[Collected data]
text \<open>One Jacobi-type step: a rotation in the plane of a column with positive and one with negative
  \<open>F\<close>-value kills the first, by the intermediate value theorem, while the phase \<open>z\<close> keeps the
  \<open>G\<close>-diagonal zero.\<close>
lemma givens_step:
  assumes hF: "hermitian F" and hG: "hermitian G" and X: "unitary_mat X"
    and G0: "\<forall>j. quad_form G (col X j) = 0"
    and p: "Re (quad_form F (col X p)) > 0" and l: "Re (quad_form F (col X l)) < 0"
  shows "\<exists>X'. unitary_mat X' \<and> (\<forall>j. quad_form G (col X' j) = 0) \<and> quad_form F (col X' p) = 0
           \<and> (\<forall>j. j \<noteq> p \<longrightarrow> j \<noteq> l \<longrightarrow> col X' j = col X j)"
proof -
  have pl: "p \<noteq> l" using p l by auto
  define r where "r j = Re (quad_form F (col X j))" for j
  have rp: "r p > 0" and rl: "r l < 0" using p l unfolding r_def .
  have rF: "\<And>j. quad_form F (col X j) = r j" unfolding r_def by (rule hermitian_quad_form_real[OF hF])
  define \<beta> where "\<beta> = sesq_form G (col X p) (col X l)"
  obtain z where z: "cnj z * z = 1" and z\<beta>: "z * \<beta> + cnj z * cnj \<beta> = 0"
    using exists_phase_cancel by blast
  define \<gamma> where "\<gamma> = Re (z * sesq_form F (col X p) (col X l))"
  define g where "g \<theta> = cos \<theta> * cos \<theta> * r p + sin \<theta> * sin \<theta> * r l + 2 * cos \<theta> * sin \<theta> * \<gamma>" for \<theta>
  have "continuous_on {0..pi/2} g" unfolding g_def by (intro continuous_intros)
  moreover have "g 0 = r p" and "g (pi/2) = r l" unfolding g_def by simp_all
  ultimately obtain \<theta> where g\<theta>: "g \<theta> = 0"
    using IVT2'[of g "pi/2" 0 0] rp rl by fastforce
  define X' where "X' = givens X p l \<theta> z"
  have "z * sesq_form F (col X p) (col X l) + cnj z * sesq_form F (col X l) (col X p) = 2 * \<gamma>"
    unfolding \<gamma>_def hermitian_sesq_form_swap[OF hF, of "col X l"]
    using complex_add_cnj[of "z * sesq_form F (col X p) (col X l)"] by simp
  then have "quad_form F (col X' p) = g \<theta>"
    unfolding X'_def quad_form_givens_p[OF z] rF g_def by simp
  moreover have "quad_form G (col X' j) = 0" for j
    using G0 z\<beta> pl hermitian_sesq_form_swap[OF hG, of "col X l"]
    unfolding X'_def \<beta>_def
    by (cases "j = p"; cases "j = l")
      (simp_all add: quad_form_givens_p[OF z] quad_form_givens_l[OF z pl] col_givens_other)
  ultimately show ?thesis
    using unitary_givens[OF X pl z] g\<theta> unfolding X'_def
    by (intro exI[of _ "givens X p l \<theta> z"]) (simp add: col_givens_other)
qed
==
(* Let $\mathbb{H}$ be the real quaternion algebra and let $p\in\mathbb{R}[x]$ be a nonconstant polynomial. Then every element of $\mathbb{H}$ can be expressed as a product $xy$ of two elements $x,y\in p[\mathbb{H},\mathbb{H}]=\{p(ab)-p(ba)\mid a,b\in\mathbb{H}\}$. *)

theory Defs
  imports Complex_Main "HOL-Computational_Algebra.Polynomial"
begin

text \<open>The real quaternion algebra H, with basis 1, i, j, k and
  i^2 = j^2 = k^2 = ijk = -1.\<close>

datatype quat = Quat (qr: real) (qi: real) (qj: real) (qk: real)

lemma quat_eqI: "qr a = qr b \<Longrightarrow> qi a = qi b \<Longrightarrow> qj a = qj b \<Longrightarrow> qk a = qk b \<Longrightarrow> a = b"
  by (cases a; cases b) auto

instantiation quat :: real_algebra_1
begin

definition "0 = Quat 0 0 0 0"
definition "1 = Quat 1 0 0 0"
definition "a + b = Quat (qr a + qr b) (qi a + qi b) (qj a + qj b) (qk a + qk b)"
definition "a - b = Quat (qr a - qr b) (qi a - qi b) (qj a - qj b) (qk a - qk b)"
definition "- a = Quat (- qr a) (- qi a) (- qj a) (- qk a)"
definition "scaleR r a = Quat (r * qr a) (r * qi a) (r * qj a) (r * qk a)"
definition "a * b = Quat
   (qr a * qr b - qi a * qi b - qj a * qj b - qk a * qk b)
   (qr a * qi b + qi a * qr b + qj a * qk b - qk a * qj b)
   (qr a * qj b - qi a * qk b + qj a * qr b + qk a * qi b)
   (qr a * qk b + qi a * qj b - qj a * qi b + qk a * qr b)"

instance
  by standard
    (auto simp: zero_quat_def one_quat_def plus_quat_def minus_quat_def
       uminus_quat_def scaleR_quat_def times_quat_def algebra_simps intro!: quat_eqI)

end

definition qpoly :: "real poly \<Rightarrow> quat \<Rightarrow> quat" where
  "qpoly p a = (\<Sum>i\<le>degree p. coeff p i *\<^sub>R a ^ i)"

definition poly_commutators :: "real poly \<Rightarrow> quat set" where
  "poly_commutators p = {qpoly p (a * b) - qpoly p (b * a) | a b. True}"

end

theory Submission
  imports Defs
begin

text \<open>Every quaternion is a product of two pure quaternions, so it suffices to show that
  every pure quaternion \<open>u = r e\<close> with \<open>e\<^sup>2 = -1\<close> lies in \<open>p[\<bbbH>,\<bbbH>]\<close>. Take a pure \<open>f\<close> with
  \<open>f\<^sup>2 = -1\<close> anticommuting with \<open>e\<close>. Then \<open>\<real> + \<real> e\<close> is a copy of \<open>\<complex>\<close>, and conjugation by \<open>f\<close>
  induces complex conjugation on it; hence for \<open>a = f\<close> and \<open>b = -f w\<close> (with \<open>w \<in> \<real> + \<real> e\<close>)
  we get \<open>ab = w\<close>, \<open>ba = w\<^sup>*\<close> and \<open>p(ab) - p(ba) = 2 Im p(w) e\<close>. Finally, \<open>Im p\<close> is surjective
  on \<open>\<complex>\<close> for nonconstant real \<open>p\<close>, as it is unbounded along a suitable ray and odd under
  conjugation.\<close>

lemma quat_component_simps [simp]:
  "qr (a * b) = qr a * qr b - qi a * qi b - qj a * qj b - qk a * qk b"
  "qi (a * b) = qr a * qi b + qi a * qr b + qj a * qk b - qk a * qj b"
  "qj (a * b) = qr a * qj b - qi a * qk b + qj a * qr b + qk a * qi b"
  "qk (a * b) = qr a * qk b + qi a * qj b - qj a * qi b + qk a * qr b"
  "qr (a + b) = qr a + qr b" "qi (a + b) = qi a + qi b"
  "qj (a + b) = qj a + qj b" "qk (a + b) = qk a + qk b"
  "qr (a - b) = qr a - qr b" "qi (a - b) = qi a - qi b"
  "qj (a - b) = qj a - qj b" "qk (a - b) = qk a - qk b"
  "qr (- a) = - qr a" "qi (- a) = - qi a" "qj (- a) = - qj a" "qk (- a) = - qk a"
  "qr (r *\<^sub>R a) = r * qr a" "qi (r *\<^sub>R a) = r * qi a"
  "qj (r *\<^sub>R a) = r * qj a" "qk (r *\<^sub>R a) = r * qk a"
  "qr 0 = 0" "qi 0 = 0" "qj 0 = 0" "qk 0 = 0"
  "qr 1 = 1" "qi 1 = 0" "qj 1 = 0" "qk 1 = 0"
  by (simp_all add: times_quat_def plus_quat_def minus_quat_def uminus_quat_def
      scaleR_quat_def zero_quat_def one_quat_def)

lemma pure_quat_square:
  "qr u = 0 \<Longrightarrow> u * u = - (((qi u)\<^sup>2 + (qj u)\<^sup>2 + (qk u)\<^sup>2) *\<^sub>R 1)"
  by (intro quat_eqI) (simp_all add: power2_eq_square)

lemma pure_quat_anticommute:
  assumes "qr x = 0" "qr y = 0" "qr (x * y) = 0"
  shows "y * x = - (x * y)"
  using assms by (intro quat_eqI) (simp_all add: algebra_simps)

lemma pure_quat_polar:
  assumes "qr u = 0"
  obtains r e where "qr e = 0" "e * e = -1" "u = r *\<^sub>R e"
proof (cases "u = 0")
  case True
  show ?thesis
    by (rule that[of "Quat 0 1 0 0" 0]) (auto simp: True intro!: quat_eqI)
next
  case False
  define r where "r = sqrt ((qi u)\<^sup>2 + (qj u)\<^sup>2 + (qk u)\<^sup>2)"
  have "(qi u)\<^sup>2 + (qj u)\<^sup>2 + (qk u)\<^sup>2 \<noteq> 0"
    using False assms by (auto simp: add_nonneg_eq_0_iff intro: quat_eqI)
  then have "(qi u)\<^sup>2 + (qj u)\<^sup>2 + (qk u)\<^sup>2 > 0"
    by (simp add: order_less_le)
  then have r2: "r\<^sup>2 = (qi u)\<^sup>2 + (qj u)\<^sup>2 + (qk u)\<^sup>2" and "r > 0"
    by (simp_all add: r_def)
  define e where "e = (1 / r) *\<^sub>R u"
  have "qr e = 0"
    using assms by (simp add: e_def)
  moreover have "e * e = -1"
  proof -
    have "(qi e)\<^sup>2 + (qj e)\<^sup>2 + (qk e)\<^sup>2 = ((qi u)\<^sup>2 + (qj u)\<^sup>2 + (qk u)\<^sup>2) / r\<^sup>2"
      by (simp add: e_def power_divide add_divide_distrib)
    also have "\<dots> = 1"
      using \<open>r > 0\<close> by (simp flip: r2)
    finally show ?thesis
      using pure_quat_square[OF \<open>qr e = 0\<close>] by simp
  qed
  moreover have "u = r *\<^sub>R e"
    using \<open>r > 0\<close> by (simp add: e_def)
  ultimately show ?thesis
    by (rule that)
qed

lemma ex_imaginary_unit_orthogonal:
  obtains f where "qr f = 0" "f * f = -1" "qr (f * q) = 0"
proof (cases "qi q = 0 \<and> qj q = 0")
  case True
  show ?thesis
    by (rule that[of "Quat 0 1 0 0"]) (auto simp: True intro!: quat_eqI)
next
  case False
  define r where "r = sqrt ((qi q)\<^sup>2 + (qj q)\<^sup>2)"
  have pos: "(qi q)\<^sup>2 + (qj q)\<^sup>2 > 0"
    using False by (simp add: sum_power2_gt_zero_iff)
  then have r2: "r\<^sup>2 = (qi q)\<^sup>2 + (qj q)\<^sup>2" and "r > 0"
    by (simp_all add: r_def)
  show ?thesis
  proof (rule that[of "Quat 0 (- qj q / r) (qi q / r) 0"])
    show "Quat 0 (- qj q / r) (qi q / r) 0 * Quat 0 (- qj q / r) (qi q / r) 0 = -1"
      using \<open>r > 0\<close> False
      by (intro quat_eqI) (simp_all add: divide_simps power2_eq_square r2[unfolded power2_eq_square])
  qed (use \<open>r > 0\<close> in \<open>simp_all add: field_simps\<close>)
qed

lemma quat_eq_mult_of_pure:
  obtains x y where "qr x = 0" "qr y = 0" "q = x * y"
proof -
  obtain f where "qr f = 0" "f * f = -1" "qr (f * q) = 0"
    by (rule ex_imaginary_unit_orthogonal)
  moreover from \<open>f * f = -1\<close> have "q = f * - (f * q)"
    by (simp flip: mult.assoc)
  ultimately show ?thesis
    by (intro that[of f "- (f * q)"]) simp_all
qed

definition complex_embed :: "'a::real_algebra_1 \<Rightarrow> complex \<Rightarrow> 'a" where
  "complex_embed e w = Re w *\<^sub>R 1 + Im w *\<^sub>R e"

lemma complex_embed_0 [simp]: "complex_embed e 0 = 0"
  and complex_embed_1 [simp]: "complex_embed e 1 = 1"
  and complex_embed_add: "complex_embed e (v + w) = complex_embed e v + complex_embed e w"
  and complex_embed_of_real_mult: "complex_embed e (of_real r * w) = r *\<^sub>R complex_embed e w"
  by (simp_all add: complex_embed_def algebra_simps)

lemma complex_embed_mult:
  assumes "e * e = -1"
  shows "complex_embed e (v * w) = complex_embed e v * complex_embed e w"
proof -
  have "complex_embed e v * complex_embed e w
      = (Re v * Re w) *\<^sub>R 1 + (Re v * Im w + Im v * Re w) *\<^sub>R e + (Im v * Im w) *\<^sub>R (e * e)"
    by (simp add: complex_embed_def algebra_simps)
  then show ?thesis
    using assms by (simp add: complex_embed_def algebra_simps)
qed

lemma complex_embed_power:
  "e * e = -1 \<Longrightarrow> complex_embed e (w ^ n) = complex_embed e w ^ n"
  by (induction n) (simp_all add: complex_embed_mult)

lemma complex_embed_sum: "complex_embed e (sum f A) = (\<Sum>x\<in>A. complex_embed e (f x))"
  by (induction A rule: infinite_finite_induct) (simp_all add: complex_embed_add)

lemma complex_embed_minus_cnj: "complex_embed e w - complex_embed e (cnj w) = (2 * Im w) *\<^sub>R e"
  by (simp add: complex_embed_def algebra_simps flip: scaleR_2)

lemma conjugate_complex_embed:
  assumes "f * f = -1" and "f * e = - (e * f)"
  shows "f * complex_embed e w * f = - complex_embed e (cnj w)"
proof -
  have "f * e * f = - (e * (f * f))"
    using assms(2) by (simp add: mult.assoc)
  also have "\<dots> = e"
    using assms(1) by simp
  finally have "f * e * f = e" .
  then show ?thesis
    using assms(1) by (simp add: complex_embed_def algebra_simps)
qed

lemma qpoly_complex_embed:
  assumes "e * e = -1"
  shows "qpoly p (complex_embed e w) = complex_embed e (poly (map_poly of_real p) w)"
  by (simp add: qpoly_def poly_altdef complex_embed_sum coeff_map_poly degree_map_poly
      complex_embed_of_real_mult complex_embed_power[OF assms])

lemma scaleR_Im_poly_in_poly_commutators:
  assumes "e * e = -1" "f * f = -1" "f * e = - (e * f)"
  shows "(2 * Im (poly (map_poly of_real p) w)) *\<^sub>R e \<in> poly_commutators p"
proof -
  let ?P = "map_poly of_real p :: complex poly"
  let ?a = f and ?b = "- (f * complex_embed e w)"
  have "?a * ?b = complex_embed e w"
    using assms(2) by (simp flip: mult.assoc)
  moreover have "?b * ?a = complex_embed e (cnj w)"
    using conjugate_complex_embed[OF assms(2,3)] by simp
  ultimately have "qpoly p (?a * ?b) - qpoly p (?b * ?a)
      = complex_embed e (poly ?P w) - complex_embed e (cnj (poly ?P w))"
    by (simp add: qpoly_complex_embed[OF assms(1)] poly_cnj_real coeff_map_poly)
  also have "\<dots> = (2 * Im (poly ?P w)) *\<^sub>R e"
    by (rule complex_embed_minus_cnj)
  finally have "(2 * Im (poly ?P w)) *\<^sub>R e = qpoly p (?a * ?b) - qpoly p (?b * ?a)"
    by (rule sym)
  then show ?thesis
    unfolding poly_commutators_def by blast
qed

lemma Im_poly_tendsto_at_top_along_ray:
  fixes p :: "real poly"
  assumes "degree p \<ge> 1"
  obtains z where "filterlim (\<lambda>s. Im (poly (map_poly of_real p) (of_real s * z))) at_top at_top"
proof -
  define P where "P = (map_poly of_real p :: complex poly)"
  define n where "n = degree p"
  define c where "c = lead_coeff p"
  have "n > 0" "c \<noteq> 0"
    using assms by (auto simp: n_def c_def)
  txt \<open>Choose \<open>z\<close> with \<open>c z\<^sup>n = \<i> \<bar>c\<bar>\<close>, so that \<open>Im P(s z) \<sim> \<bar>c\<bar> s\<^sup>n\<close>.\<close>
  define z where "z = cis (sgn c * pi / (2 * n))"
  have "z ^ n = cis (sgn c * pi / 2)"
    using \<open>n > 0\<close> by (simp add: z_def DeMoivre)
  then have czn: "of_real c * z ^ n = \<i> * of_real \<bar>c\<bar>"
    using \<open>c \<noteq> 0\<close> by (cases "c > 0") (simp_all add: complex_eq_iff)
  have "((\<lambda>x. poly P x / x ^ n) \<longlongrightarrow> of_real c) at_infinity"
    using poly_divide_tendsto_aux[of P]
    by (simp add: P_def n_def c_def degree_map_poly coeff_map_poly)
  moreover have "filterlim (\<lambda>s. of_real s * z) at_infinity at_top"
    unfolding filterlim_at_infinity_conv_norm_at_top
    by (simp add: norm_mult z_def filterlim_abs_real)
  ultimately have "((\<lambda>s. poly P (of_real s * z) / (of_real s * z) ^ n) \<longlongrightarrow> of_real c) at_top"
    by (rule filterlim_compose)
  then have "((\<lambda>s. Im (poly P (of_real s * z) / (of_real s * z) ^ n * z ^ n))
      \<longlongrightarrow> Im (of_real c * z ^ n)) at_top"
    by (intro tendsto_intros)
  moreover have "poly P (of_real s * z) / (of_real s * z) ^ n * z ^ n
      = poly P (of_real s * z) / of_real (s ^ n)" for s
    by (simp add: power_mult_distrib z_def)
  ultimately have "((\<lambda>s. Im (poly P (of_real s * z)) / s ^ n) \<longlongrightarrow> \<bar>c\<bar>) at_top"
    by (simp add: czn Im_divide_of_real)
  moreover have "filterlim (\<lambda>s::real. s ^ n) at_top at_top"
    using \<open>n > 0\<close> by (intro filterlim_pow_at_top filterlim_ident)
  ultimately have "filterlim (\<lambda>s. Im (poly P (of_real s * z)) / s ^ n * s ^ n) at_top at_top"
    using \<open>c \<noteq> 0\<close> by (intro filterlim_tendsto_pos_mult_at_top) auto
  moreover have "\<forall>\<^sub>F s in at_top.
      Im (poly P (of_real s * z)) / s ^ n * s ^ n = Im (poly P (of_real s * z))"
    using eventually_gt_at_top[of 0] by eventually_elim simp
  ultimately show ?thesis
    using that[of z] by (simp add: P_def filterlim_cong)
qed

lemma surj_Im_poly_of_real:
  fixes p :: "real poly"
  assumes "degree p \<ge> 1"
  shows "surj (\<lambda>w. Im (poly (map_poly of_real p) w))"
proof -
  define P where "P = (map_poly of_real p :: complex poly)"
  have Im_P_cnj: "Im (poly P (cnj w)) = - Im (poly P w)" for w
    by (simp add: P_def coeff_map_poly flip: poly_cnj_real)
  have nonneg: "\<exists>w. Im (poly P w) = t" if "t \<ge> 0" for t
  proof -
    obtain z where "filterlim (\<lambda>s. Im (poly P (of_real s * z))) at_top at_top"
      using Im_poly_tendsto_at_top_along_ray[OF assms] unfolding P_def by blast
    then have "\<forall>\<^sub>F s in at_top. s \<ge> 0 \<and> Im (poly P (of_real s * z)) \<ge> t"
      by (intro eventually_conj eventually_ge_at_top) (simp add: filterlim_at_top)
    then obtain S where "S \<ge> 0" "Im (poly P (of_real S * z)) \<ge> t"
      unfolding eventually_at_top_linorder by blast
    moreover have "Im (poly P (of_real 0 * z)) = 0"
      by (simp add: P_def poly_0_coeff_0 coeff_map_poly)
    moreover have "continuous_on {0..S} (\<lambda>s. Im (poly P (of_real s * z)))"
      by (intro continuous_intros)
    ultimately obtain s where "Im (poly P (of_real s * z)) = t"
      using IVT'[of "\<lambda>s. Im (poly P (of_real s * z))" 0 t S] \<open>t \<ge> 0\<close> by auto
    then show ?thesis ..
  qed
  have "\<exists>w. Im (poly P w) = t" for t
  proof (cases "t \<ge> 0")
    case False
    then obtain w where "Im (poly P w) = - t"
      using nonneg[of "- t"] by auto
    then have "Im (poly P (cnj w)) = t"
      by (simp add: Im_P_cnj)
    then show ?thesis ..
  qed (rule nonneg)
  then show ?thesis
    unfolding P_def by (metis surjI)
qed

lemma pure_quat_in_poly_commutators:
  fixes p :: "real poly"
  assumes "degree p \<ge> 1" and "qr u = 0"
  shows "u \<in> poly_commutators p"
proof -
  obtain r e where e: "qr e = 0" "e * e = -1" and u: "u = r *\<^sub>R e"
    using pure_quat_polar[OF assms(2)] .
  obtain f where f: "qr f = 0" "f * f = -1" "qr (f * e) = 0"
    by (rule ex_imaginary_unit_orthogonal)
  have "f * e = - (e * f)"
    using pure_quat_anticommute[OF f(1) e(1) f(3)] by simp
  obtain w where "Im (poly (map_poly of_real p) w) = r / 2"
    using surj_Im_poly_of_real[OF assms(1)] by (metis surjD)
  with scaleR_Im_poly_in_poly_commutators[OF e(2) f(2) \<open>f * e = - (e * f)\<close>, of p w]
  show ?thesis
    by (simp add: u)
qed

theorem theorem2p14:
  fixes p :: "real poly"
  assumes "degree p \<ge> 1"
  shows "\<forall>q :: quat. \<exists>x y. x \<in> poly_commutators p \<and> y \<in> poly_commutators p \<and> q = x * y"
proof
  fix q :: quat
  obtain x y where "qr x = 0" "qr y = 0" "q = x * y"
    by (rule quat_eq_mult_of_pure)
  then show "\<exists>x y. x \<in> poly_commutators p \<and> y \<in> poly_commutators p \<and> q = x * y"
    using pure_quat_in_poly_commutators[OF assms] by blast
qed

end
...
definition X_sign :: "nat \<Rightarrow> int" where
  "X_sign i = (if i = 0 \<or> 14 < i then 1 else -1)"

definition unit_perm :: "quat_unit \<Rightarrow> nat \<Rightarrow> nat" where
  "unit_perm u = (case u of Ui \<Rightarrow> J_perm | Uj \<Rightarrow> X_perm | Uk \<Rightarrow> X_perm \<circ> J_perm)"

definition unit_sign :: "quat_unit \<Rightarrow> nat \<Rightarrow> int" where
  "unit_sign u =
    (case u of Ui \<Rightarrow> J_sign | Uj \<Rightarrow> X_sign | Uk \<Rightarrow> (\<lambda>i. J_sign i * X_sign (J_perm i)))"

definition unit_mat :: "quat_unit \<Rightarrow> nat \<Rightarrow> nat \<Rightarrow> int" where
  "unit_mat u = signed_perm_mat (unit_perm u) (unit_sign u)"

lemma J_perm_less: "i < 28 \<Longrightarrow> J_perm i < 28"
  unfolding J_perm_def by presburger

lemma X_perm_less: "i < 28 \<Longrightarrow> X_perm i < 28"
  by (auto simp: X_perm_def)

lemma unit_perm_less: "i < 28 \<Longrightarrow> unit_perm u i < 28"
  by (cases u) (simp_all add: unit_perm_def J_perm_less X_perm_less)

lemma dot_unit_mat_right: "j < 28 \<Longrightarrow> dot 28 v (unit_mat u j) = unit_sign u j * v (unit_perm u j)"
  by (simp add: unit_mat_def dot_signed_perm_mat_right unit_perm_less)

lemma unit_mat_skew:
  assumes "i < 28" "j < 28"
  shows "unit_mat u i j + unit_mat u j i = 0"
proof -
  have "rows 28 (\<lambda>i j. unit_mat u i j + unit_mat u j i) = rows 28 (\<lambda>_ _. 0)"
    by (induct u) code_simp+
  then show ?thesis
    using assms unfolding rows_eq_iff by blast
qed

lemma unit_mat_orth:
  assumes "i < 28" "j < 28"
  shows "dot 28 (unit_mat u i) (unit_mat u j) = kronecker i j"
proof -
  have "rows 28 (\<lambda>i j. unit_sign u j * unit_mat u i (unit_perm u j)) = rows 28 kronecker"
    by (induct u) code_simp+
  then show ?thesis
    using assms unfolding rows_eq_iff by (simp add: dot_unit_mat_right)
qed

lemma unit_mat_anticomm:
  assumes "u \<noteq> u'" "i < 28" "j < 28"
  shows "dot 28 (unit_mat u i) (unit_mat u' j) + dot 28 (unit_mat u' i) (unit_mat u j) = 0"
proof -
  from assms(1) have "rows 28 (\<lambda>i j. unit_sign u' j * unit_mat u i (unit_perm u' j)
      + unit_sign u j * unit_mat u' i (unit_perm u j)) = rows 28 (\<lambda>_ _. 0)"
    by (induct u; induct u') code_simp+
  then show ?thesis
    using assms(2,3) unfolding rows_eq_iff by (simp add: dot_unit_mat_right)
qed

(ASSIGNMENT) Using the records above, pull out each line where the word "conjugation" occurs.

(EXPECTED ANSWER)
  \<open>f\<^sup>2 = -1\<close> anticommuting with \<open>e\<close>. Then \<open>\<real> + \<real> e\<close> is a copy of \<open>\<complex>\<close>, and conjugation by \<open>f\<close>
  induces complex conjugation on it; hence for \<open>a = f\<close> and \<open>b = -f w\<close> (with \<open>w \<in> \<real> + \<real> e\<close>)
  conjugation.\<close>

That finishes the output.